DallasAg 94 said:
I'm not correlating your post to mine.
Morton's... I read your previous post on it. Morton's isn't really a good example. That lebmvel dining... sure... Covid has caused a problem. I posted how it caused a similar, but lower-end place like that at City-Line in DFW to eliminate their Lunch offering and it was at a cost of about $500k in revenue.
Inn-N-Out is another outlier. They've always paid more... $15/hr for years. Well run. Well staffedIgrew up in Del Taco and Green Burrito... Del Taco failed in Texas. There was one they opened about a decade ago and the food was just garbage. INO seems to be doing well.
Cane's 6 piece meal is now $16 with fries and a drink. Quality has dropped as prices have doubled.
Our favorite Sushi place for the past 7 years was so terrible and expensive last week that my kids deemed it off the list. One didn't eat and refused to try anything else.
Covid has had a terrible impact... but my point was... restaurants will no longer be able to afford a sit-down lunch in California. It is difficult in Texas, currently. Any additional turmoil (pay increase) will start to see it go away, here, IMO.

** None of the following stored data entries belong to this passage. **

text \<open>Weak symmetry gives every nonzero weight \<open>\<alpha>\<close> an opposite weight \<open>-c\<alpha>\<close> with \<open>c > 0\<close>.
  Hence a \<open>\<mu>\<close> with \<open>T\<^sub>\<mu> = T\<^sub>\<lambda>\<close> pairs non-negatively with both \<open>\<alpha>\<close> and \<open>-c\<alpha>\<close> whenever
  \<open>\<alpha>\<close> vanishes on \<open>\<lambda>\<close>, so \<open>\<mu> \<in> H\<^sub>\<lambda>\<^sup>\<perp>\<close>; conversely, on \<open>H\<^sub>\<lambda>\<^sup>\<perp>\<close> the condition \<open>T\<^sub>\<mu> = T\<^sub>\<lambda>\<close>
  reduces to the open convex condition \<open>T\<^sub>\<lambda> \<subseteq> T\<^sub>\<mu>\<close>. So \<open>B\<^sub>\<lambda>\<close> is the trace on the subspace
  \<open>H\<^sub>\<lambda>\<^sup>\<perp>\<close> of a bounded open convex set, nonempty since it contains small multiples of \<open>\<lambda>\<close>;
  it is therefore relatively open in \<open>H\<^sub>\<lambda>\<^sup>\<perp>\<close>, and \<open>\<Phi>\<^sub>\<lambda>\<close> is its relative frontier, which is
  homeomorphic to the unit sphere of \<open>H\<^sub>\<lambda>\<^sup>\<perp>\<close>.\<close>

lemma quadratic_form_symmetric:
  fixes Q :: "real ^ 'n ^ 'n"
  assumes "transpose Q = Q"
  shows "x \<bullet> (Q *v y) = y \<bullet> (Q *v x)"
  by (metis assms dot_lmul_matrix inner_commute transpose_matrix_vector)

lemma quadratic_form_convex_combination:
  fixes Q :: "real ^ 'n ^ 'n"
  assumes "transpose Q = Q" and "u + v = 1"
  shows "(u *\<^sub>R x + v *\<^sub>R y) \<bullet> (Q *v (u *\<^sub>R x + v *\<^sub>R y))
    = u * (x \<bullet> (Q *v x)) + v * (y \<bullet> (Q *v y)) - u * v * ((x - y) \<bullet> (Q *v (x - y)))"
proof -
  have v: "v = 1 - u" using assms(2) by simp
  show ?thesis
    using quadratic_form_symmetric[OF assms(1), of y x] unfolding v
    by (simp add: matrix_vector_right_distrib matrix_vector_mult_diff_distrib matrix_vector_mult_scaleR
        inner_add_left inner_add_right inner_diff_left inner_diff_right algebra_simps)
qed

lemma pos_def_form_lower_bound:
  fixes Q :: "real ^ 'n ^ 'n"
  assumes "pos_def_form Q"
  obtains m where "m > 0" and "\<And>x. m * (norm x)\<^sup>2 \<le> x \<bullet> (Q *v x)"
proof -
  have cont: "continuous_on (sphere 0 1) (\<lambda>x::real^'n. x \<bullet> (Q *v x))"
    by (intro continuous_intros matrix_vector_mult_linear_continuous_on)
  have "sphere (0::real^'n) 1 \<noteq> {}" by (simp add: sphere_eq_empty)
  then obtain z where z: "z \<in> sphere 0 1" and min: "\<And>y. y \<in> sphere 0 1 \<Longrightarrow> z \<bullet> (Q *v z) \<le> y \<bullet> (Q *v y)"
    using continuous_attains_inf[OF compact_sphere _ cont] by blast
  have "z \<noteq> 0" using z by auto
  then have "z \<bullet> (Q *v z) > 0" using assms by (simp add: pos_def_form_def)
  moreover have "z \<bullet> (Q *v z) * (norm x)\<^sup>2 \<le> x \<bullet> (Q *v x)" for x
  proof (cases "x = 0")
    case False
    have "z \<bullet> (Q *v z) \<le> (x /\<^sub>R norm x) \<bullet> (Q *v (x /\<^sub>R norm x))"
      using False by (intro min) simp
    also have "\<dots> = (x \<bullet> (Q *v x)) / (norm x)\<^sup>2"
      by (simp add: matrix_vector_mult_scaleR power2_eq_square divide_inverse)
    finally show ?thesis using False by (simp add: field_simps)
  qed simp
  ultimately show ?thesis using that by blast
qed

lemma open_qball: "open (qball Q)"
  unfolding qball_def
  by (intro open_Collect_less continuous_intros matrix_vector_mult_linear_continuous_on)

lemma convex_qball:
  fixes Q :: "real ^ 'n ^ 'n"
  assumes "transpose Q = Q" and "\<And>x. 0 \<le> x \<bullet> (Q *v x)"
  shows "convex (qball Q)"
  unfolding convex_def qball_def
proof (intro ballI allI impI, clarsimp)
  fix x y :: "real ^ 'n" and u v :: real
  assume x: "x \<bullet> (Q *v x) < 1" and y: "y \<bullet> (Q *v y) < 1"
    and u: "0 \<le> u" and v: "0 \<le> v" and uv: "u + v = 1"
  have "u * (x \<bullet> (Q *v x)) + v * (y \<bullet> (Q *v y)) < 1"
    using x y u v uv by (smt (verit) mult_left_le mult_strict_left_mono)
  moreover have "0 \<le> u * v * ((x - y) \<bullet> (Q *v (x - y)))"
    using u v assms(2) by simp
  ultimately show "(u *\<^sub>R x + v *\<^sub>R y) \<bullet> (Q *v (u *\<^sub>R x + v *\<^sub>R y)) < 1"
    unfolding quadratic_form_convex_combination[OF assms(1) uv] by linarith
qed

lemma bounded_qball:
  assumes "pos_def_form Q"
  shows "bounded (qball Q)"
proof -
  obtain m where m: "m > 0" "\<And>x. m * (norm x)\<^sup>2 \<le> x \<bullet> (Q *v x)"
    using pos_def_form_lower_bound[OF assms] by blast
  have "norm x \<le> max 1 (1 / m)" if "x \<in> qball Q" for x
  proof (cases "norm x \<le> 1")
    case False
    then have "norm x \<le> (norm x)\<^sup>2" by (simp add: power2_eq_square mult_le_cancel_left1)
    also have "m * (norm x)\<^sup>2 < 1" using m(2)[of x] that by (simp add: qball_def)
    then have "(norm x)\<^sup>2 < 1 / m" using m(1) by (simp add: field_simps)
    finally show ?thesis by simp
  qed simp
  then show ?thesis unfolding bounded_iff by blast
qed

lemma weakly_symmetric_opposite_weight:
  assumes ws: "weakly_symmetric d alpha" and "i < d" and v0: "wt alpha i \<noteq> 0"
  obtains j c where "j < d" and "c > 0" and "wt alpha j = - (c *\<^sub>R wt alpha i)"
proof -
  define v where "v = wt alpha i"
  define S where "S = {j. j < d \<and> wt alpha j \<in> span {v}}"
  have "i \<in> S" using \<open>i < d\<close> by (simp add: S_def v_def span_base)
  then have "(\<Sum>j\<in>S. (if j = i then 1 else 0) *\<^sub>R wt alpha j) = v"
    by (simp add: S_def v_def if_distrib[of "\<lambda>c. c *\<^sub>R _"] sum.delta' cong: if_cong)
  then have "v \<in> line_cone d alpha v"
    unfolding line_cone_def S_def[symmetric] by (intro CollectI exI[of _ "\<lambda>j. if j = i then 1 else 0"]) auto
  then have "line_cone d alpha v = span {v}"
    using ws v0 unfolding weakly_symmetric_def v_def by blast
  moreover have "- v \<in> span {v}" by (simp add: span_base span_neg)
  ultimately obtain c where c: "\<And>j. 0 \<le> c j" and sum: "- v = (\<Sum>j\<in>S. c j *\<^sub>R wt alpha j)"
    unfolding line_cone_def S_def[symmetric] by auto
  have "(\<Sum>j\<in>S. c j * (wt alpha j \<bullet> v)) = (\<Sum>j\<in>S. c j *\<^sub>R wt alpha j) \<bullet> v"
    by (simp add: inner_sum_left)
  also have "\<dots> = - (v \<bullet> v)" by (simp flip: sum)
  also have "\<dots> < 0" using v0 by (simp add: v_def)
  finally obtain j where "j \<in> S" and "c j * (wt alpha j \<bullet> v) < 0"
    by (metis (no_types, lifting) not_less sum_nonneg)
  then have "wt alpha j \<bullet> v < 0" using c[of j] by (simp add: mult_less_0_iff)
  from \<open>j \<in> S\<close> obtain t where t: "wt alpha j = t *\<^sub>R v" by (auto simp: S_def span_singleton)
  with \<open>wt alpha j \<bullet> v < 0\<close> have "t < 0"
    by (metis inner_ge_zero inner_scaleR_left mult_less_0_iff not_less)
  show ?thesis using \<open>j \<in> S\<close> t \<open>t < 0\<close> by (intro that[of j "- t"]) (auto simp: S_def v_def)
qed

lemma mem_Hperp_iff: "mu \<in> Hperp d alpha lam \<longleftrightarrow> (\<forall>i\<in>Tzero d alpha lam. mu \<bullet> wt alpha i = 0)"
proof
  assume "\<forall>i\<in>Tzero d alpha lam. mu \<bullet> wt alpha i = 0"
  then have "\<forall>h\<in>wt alpha ` Tzero d alpha lam. orthogonal mu h" by (auto simp: orthogonal_def)
  then have "orthogonal mu h" if "h \<in> Hsp d alpha lam" for h
    using that orthogonal_to_span unfolding Hsp_def by blast
  then show "mu \<in> Hperp d alpha lam" by (simp add: Hperp_def orthogonal_def)
qed (auto simp: Hperp_def Hsp_def span_base)

lemma subspace_Hperp: "subspace (Hperp d alpha lam)"
  unfolding subspace_def Hperp_def by (auto simp: inner_add_left)

lemma Tneg_scaleR: "t > 0 \<Longrightarrow> Tneg d alpha (t *\<^sub>R lam) = Tneg d alpha lam"
  by (simp add: Tneg_def mult_less_0_iff)

lemma mem_Hperp_if_Tneg_eq:
  assumes ws: "weakly_symmetric d alpha" and T: "Tneg d alpha mu = Tneg d alpha lam"
  shows "mu \<in> Hperp d alpha lam"
  unfolding mem_Hperp_iff
proof
  fix i assume "i \<in> Tzero d alpha lam"
  then have "i < d" and lam_i: "lam \<bullet> wt alpha i = 0" by (simp_all add: Tzero_def)
  show "mu \<bullet> wt alpha i = 0"
  proof (cases "wt alpha i = 0")
    case False
    then obtain j c where "j < d" "c > 0" and j: "wt alpha j = - (c *\<^sub>R wt alpha i)"
      using weakly_symmetric_opposite_weight[OF ws \<open>i < d\<close>] by blast
    have "i \<notin> Tneg d alpha mu" "j \<notin> Tneg d alpha mu"
      using lam_i j unfolding T by (simp_all add: Tneg_def)
    then have "0 \<le> mu \<bullet> wt alpha i" "0 \<le> - c * (mu \<bullet> wt alpha i)"
      using \<open>i < d\<close> \<open>j < d\<close> j by (simp_all add: Tneg_def not_less)
    then show ?thesis using \<open>c > 0\<close> by (simp add: mult_le_0_iff)
  qed simp
qed

lemma Tneg_eq_if_mem_Hperp:
  assumes ws: "weakly_symmetric d alpha" and sub: "Tneg d alpha lam \<subseteq> Tneg d alpha mu"
    and H: "mu \<in> Hperp d alpha lam"
  shows "Tneg d alpha mu = Tneg d alpha lam"
proof (rule equalityI[OF subsetI sub])
  fix i assume "i \<in> Tneg d alpha mu"
  then have "i < d" and mu_i: "mu \<bullet> wt alpha i < 0" by (auto simp: Tneg_def)
  have "\<not> lam \<bullet> wt alpha i = 0"
    using H mu_i \<open>i < d\<close> by (auto simp: mem_Hperp_iff Tzero_def)
  moreover have "\<not> lam \<bullet> wt alpha i > 0"
  proof
    assume pos: "lam \<bullet> wt alpha i > 0"
    then obtain j c where "j < d" "c > 0" and j: "wt alpha j = - (c *\<^sub>R wt alpha i)"
      using weakly_symmetric_opposite_weight[OF ws \<open>i < d\<close>] by force
    then have "j \<in> Tneg d alpha lam" using pos by (simp add: Tneg_def)
    then have "- c * (mu \<bullet> wt alpha i) < 0" using sub j by (auto simp: Tneg_def)
    then show False using \<open>c > 0\<close> mu_i by (simp add: zero_less_mult_iff)
  qed
  ultimately show "i \<in> Tneg d alpha lam" using \<open>i < d\<close> by (simp add: Tneg_def)
qed

definition neg_cone :: "nat \<Rightarrow> (nat \<Rightarrow> int ^ 'n::finite) \<Rightarrow> real ^ 'n \<Rightarrow> (real ^ 'n) set" where
  "neg_cone d alpha lam = {mu. Tneg d alpha lam \<subseteq> Tneg d alpha mu}"

lemma neg_cone_eq_Inter_halfspaces:
  "neg_cone d alpha lam = (\<Inter>i\<in>Tneg d alpha lam. {mu. wt alpha i \<bullet> mu < 0})"
  by (auto simp: neg_cone_def Tneg_def inner_commute)

lemma open_neg_cone: "open (neg_cone d alpha lam)"
  unfolding neg_cone_eq_Inter_halfspaces
  by (intro open_INT ballI open_halfspace_lt) (simp add: Tneg_def)

lemma convex_neg_cone: "convex (neg_cone d alpha lam)"
  unfolding neg_cone_eq_Inter_halfspaces by (intro convex_INT convex_halfspace_lt)

lemma Bset_eq_Hperp_Int:
  assumes "weakly_symmetric d alpha"
  shows "Bset d alpha Q lam = Hperp d alpha lam \<inter> (qball Q \<inter> neg_cone d alpha lam)"
proof (intro set_eqI iffI)
  fix mu assume "mu \<in> Bset d alpha Q lam"
  then show "mu \<in> Hperp d alpha lam \<inter> (qball Q \<inter> neg_cone d alpha lam)"
    using mem_Hperp_if_Tneg_eq[OF assms] by (simp add: Bset_def neg_cone_def)
next
  fix mu assume "mu \<in> Hperp d alpha lam \<inter> (qball Q \<inter> neg_cone d alpha lam)"
  then show "mu \<in> Bset d alpha Q lam"
    using Tneg_eq_if_mem_Hperp[OF assms] by (simp add: Bset_def neg_cone_def)
qed

lemma Bset_nonempty: "Bset d alpha Q lam \<noteq> {}"
proof -
  have "0 \<in> qball Q" by (simp add: qball_def)
  then obtain e where "e > 0" and e: "ball 0 e \<subseteq> qball Q"
    using open_qball open_contains_ball by blast
  define t where "t = e / (norm lam + 1)"
  have "t > 0" using \<open>e > 0\<close> by (simp add: t_def add_nonneg_pos)
  have "norm (t *\<^sub>R lam) = e * (norm lam / (norm lam + 1))"
    using \<open>e > 0\<close> by (simp add: t_def)
  also have "\<dots> < e * 1" using \<open>e > 0\<close> by (intro mult_strict_left_mono) (simp_all add: add_nonneg_pos)
  finally have "norm (t *\<^sub>R lam) < e" by simp
  then have "t *\<^sub>R lam \<in> qball Q" using e by auto
  then have "t *\<^sub>R lam \<in> Bset d alpha Q lam"
    using Tneg_scaleR[OF \<open>t > 0\<close>] by (simp add: Bset_def)
  then show ?thesis by blast
qed

lemma rel_interior_affine_Int_open:
  fixes S U :: "'a::euclidean_space set"
  assumes "affine S" and "open U"
  shows "rel_interior (S \<inter> U) = S \<inter> U"
proof -
  have "affine hull (S \<inter> U) \<subseteq> S" using assms(1) by (simp add: hull_minimal)
  then show ?thesis
    using assms(2) by (auto simp: mem_rel_interior intro!: exI[of _ U] dest: rel_interior_subset[THEN subsetD])
qed

lemma rel_frontier_subspace_Int_homeomorphic_sphere:
  fixes S U :: "'a::euclidean_space set"
  assumes S: "subspace S" and U: "open U" "convex U" "bounded U" and ne: "S \<inter> U \<noteq> {}"
  shows "rel_frontier (S \<inter> U) homeomorphic sphere 0 1 \<inter> S"
proof -
  have "convex S" using S by (rule subspace_imp_convex)
  have "0 \<in> S \<inter> ball 0 1" using S by (simp add: subspace_0)
  have "aff_dim (S \<inter> U) = aff_dim S"
    using aff_dim_convex_Int_open[OF \<open>convex S\<close> U(1) ne] .
  also have "\<dots> = aff_dim (S \<inter> ball 0 1)"
    using \<open>convex S\<close> \<open>0 \<in> S \<inter> ball 0 1\<close> by (intro aff_dim_convex_Int_open[symmetric]) auto
  finally have "rel_frontier (S \<inter> U) homeomorphic rel_frontier (S \<inter> ball 0 1)"
    using \<open>convex S\<close> U by (intro homeomorphic_rel_frontiers_convex_bounded_sets convex_Int) auto
  also have "rel_frontier (S \<inter> ball 0 1) = frontier (ball 0 1) \<inter> S"
    using S \<open>0 \<in> S \<inter> ball 0 1\<close>
    by (subst Int_commute, intro convex_affine_rel_frontier_Int) (auto simp: subspace_imp_affine, force)
  finally show ?thesis by (simp add: Int_commute)
qed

Fast food will just increase cost. For dining, there is a limit what people will pay relative to drive through. I could be wrong.
My point is that the restaurants are dead anyway because of how California handled Covid.
The increased wages make it even worse.
The customer have moved down market.
Gordon Biersch as one example had been a fixture in Burbank for 25 years - now it's gone.
Meanwhile, Raising Cane's just opened a year or two ago and they literally had to re-route traffic because it is so popular.
The McDonalds on Olive Avenue used to be a place only HS kids went.
With the cost of living so high now, McDonalds is more popular than ever and it's only two blocks from Raising Cane's.
People don't have the disposable income they used to have in California.